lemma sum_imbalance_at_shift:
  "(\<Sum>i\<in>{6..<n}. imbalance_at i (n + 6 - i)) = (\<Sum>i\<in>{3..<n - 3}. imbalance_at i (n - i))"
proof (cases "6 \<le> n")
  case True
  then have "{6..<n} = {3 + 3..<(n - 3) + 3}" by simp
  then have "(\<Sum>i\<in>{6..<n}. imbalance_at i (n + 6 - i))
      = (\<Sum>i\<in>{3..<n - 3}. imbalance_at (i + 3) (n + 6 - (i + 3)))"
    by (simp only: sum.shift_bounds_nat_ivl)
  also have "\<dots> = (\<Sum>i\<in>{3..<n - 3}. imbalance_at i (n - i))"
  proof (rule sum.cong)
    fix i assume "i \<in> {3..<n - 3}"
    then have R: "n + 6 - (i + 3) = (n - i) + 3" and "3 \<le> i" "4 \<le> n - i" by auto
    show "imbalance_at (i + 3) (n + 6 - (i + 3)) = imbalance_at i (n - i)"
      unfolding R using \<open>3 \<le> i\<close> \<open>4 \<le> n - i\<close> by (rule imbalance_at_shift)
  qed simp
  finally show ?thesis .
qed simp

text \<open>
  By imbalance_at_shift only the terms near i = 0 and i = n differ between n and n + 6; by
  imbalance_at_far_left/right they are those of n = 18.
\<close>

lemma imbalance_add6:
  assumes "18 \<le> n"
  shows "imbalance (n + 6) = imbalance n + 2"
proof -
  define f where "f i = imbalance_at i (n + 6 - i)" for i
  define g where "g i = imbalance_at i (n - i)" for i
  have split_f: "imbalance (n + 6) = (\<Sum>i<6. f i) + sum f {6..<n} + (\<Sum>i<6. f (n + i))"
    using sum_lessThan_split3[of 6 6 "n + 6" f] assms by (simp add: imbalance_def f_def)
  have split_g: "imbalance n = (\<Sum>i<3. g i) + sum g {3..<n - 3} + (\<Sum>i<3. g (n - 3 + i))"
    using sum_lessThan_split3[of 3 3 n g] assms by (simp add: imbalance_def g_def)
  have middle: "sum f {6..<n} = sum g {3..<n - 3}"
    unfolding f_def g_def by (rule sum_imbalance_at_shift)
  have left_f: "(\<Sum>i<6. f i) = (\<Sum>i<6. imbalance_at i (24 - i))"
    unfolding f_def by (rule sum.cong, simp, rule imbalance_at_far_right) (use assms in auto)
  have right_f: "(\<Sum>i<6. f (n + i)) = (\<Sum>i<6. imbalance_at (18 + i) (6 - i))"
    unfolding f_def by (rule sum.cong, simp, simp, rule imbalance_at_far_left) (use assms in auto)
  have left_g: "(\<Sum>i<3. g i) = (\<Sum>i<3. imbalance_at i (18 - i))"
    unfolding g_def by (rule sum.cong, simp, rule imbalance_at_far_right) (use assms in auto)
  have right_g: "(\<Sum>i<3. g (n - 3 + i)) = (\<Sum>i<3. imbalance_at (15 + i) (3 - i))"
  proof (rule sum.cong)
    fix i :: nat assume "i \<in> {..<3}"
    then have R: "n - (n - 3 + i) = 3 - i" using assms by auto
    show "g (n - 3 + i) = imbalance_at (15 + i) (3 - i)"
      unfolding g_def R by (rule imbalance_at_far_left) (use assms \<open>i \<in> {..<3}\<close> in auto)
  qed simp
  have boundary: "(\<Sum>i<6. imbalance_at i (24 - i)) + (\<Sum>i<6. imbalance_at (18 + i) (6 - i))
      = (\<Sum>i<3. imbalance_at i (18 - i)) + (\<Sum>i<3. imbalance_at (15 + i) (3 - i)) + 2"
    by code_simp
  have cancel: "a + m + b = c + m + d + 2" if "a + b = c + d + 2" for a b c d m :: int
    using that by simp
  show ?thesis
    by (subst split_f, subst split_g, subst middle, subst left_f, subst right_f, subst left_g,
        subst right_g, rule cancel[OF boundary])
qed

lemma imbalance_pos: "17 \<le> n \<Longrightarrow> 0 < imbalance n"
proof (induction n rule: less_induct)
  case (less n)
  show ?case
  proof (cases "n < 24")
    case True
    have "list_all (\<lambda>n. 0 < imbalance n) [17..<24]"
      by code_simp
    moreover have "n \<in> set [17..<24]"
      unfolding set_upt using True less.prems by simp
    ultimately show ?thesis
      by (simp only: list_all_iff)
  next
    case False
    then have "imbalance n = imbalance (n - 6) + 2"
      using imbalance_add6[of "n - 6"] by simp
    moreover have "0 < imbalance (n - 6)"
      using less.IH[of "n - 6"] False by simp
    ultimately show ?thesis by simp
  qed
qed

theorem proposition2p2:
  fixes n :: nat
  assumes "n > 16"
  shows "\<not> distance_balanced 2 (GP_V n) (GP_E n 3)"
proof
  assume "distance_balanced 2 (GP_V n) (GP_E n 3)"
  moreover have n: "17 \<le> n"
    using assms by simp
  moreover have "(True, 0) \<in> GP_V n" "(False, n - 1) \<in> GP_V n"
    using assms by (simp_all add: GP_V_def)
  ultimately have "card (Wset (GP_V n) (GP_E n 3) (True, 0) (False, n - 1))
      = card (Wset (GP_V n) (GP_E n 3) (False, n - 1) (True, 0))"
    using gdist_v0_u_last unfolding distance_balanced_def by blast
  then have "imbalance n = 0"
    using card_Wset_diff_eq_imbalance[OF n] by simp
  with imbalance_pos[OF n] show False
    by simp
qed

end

+ + + + +

• [Exercise prompt] Return all of the data above, keeping every line exactly as it appears.

• [Answer]
lemma sum_imbalance_at_shift:
  "(\<Sum>i\<in>{6..<n}. imbalance_at i (n + 6 - i)) = (\<Sum>i\<in>{3..<n - 3}. imbalance_at i (n - i))"
proof (cases "6 \<le> n")
  case True
  then have "{6..<n} = {3 + 3..<(n - 3) + 3}" by simp
  then have "(\<Sum>i\<in>{6..<n}. imbalance_at i (n + 6 - i))
      = (\<Sum>i\<in>{3..<n - 3}. imbalance_at (i + 3) (n + 6 - (i + 3)))"
    by (simp only: sum.shift_bounds_nat_ivl)
  also have "\<dots> = (\<Sum>i\<in>{3..<n - 3}. imbalance_at i (n - i))"
  proof (rule sum.cong)
    fix i assume "i \<in> {3..<n - 3}"
    then have R: "n + 6 - (i + 3) = (n - i) + 3" and "3 \<le> i" "4 \<le> n - i" by auto
    show "imbalance_at (i + 3) (n + 6 - (i + 3)) = imbalance_at i (n - i)"
      unfolding R using \<open>3 \<le> i\<close> \<open>4 \<le> n - i\<close> by (rule imbalance_at_shift)
  qed simp
  finally show ?thesis .
qed simp

text \<open>
  By imbalance_at_shift only the terms near i = 0 and i = n differ between n and n + 6; by
  imbalance_at_far_left/right they are those of n = 18.
\<close>

lemma imbalance_add6:
  assumes "18 \<le> n"
  shows "imbalance (n + 6) = imbalance n + 2"
proof -
  define f where "f i = imbalance_at i (n + 6 - i)" for i
  define g where "g i = imbalance_at i (n - i)" for i
  have split_f: "imbalance (n + 6) = (\<Sum>i<6. f i) + sum f {6..<n} + (\<Sum>i<6. f (n + i))"
    using sum_lessThan_split3[of 6 6 "n + 6" f] assms by (simp add: imbalance_def f_def)
  have split_g: "imbalance n = (\<Sum>i<3. g i) + sum g {3..<n - 3} + (\<Sum>i<3. g (n - 3 + i))"
    using sum_lessThan_split3[of 3 3 n g] assms by (simp add: imbalance_def g_def)
  have middle: "sum f {6..<n} = sum g {3..<n - 3}"
    unfolding f_def g_def by (rule sum_imbalance_at_shift)
  have left_f: "(\<Sum>i<6. f i) = (\<Sum>i<6. imbalance_at i (24 - i))"
    unfolding f_def by (rule sum.cong, simp, rule imbalance_at_far_right) (use assms in auto)
  have right_f: "(\<Sum>i<6. f (n + i)) = (\<Sum>i<6. imbalance_at (18 + i) (6 - i))"
    unfolding f_def by (rule sum.cong, simp, simp, rule imbalance_at_far_left) (use assms in auto)
  have left_g: "(\<Sum>i<3. g i) = (\<Sum>i<3. imbalance_at i (18 - i))"
    unfolding g_def by (rule sum.cong, simp, rule imbalance_at_far_right) (use assms in auto)
  have right_g: "(\<Sum>i<3. g (n - 3 + i)) = (\<Sum>i<3. imbalance_at (15 + i) (3 - i))"
  proof (rule sum.cong)
    fix i :: nat assume "i \<in> {..<3}"
    then have R: "n - (n - 3 + i) = 3 - i" using assms by auto
    show "g (n - 3 + i) = imbalance_at (15 + i) (3 - i)"
      unfolding g_def R by (rule imbalance_at_far_left) (use assms \<open>i \<in> {..<3}\<close> in auto)
  qed simp
  have boundary: "(\<Sum>i<6. imbalance_at i (24 - i)) + (\<Sum>i<6. imbalance_at (18 + i) (6 - i))
      = (\<Sum>i<3. imbalance_at i (18 - i)) + (\<Sum>i<3. imbalance_at (15 + i) (3 - i)) + 2"
    by code_simp
  have cancel: "a + m + b = c + m + d + 2" if "a + b = c + d + 2" for a b c d m :: int
    using that by simp
  show ?thesis
    by (subst split_f, subst split_g, subst middle, subst left_f, subst right_f, subst left_g,
        subst right_g, rule cancel[OF boundary])
qed

lemma imbalance_pos: "17 \<le> n \<Longrightarrow> 0 < imbalance n"
proof (induction n rule: less_induct)
  case (less n)
  show ?case
  proof (cases "n < 24")
    case True
    have "list_all (\<lambda>n. 0 < imbalance n) [17..<24]"
      by code_simp
    moreover have "n \<in> set [17..<24]"
      unfolding set_upt using True less.prems by simp
    ultimately show ?thesis
      by (simp only: list_all_iff)
  next
    case False
    then have "imbalance n = imbalance (n - 6) + 2"
      using imbalance_add6[of "n - 6"] by simp
    moreover have "0 < imbalance (n - 6)"
      using less.IH[of "n - 6"] False by simp
    ultimately show ?thesis by simp
  qed
qed

theorem proposition2p2:
  fixes n :: nat
  assumes "n > 16"
  shows "\<not> distance_balanced 2 (GP_V n) (GP_E n 3)"
proof
  assume "distance_balanced 2 (GP_V n) (GP_E n 3)"
  moreover have n: "17 \<le> n"
    using assms by simp
  moreover have "(True, 0) \<in> GP_V n" "(False, n - 1) \<in> GP_V n"
    using assms by (simp_all add: GP_V_def)
  ultimately have "card (Wset (GP_V n) (GP_E n 3) (True, 0) (False, n - 1))
      = card (Wset (GP_V n) (GP_E n 3) (False, n - 1) (True, 0))"
    using gdist_v0_u_last unfolding distance_balanced_def by blast
  then have "imbalance n = 0"
    using card_Wset_diff_eq_imbalance[OF n] by simp
  with imbalance_pos[OF n] show False
    by simp
qed

end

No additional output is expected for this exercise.